[Source data Boundary: Start]
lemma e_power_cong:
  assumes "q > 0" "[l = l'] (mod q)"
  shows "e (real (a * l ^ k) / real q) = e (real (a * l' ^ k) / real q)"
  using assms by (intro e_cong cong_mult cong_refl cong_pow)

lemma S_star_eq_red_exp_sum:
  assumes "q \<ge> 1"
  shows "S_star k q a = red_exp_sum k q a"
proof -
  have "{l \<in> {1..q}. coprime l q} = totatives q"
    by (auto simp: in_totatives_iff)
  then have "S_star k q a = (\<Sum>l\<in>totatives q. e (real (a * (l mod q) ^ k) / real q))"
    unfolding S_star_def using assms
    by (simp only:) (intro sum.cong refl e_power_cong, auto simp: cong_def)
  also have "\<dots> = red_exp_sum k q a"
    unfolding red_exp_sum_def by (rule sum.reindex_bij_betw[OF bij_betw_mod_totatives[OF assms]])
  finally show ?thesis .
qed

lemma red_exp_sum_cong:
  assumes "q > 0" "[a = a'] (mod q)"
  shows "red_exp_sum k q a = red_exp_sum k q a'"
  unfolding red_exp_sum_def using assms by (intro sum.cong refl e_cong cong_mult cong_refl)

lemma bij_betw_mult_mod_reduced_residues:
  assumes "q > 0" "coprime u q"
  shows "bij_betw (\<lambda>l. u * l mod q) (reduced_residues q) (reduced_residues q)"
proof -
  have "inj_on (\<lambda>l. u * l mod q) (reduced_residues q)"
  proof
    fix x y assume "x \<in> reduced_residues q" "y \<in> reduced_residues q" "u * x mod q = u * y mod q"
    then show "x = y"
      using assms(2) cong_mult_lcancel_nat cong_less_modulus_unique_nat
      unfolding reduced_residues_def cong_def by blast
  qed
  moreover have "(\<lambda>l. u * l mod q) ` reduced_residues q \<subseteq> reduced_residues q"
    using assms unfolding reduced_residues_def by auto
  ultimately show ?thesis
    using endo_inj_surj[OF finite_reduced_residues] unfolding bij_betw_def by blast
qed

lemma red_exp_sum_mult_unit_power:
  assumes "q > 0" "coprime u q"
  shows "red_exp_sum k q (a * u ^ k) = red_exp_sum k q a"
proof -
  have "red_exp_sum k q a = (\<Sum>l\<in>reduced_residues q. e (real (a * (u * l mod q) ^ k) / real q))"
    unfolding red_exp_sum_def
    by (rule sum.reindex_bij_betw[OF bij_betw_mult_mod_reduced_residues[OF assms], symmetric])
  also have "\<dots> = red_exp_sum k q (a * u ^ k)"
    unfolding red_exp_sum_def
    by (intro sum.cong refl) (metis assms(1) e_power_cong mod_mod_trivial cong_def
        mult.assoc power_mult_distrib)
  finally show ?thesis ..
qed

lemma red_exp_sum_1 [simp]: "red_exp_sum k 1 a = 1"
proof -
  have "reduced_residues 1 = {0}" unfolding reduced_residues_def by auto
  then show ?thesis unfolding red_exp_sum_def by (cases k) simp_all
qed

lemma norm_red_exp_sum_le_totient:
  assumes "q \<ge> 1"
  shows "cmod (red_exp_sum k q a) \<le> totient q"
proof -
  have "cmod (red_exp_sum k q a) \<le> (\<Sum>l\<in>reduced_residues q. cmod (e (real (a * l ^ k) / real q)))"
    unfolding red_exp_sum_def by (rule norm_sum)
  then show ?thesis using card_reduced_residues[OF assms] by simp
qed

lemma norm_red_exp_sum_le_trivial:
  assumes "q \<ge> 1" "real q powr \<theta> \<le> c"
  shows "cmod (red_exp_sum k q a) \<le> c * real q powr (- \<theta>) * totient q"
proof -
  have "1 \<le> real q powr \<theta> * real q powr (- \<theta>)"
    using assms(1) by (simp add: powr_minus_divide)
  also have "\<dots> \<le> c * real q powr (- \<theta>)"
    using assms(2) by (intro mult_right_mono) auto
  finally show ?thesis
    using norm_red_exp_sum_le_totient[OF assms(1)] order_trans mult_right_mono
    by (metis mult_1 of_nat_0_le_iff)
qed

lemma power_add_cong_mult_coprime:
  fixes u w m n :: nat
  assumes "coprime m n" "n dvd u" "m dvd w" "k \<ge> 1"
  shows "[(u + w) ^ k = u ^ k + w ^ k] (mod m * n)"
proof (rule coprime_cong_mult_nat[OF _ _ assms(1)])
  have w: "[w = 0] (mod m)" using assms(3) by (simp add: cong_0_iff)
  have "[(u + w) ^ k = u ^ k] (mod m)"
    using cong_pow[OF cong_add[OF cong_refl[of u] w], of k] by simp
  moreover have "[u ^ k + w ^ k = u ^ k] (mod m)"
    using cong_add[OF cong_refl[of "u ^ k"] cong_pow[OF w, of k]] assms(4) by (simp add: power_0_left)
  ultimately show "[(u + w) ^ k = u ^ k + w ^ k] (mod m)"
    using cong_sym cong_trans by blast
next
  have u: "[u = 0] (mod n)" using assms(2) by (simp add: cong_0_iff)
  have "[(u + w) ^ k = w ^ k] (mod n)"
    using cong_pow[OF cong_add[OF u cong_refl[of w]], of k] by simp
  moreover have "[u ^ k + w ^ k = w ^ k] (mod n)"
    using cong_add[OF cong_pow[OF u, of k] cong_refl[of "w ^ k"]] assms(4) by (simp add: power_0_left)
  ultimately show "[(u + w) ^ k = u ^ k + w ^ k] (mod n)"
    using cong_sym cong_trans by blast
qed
[Source data Boundary: End]
* _Work to complete_
Could you write out, exactly as they stand, only the lines above that begin at the line with "assms(3) by (simp add: cong_0_iff)" and stop after the line with "using cong_add[OF cong_refl[of"?

* _Result of the exercise_
  have w: "[w = 0] (mod m)" using assms(3) by (simp add: cong_0_iff)
  have "[(u + w) ^ k = u ^ k] (mod m)"
    using cong_pow[OF cong_add[OF cong_refl[of u] w], of k] by simp
  moreover have "[u ^ k + w ^ k = u ^ k] (mod m)"
    using cong_add[OF cong_refl[of "u ^ k"] cong_pow[OF w, of k]] assms(4) by (simp add: power_0_left)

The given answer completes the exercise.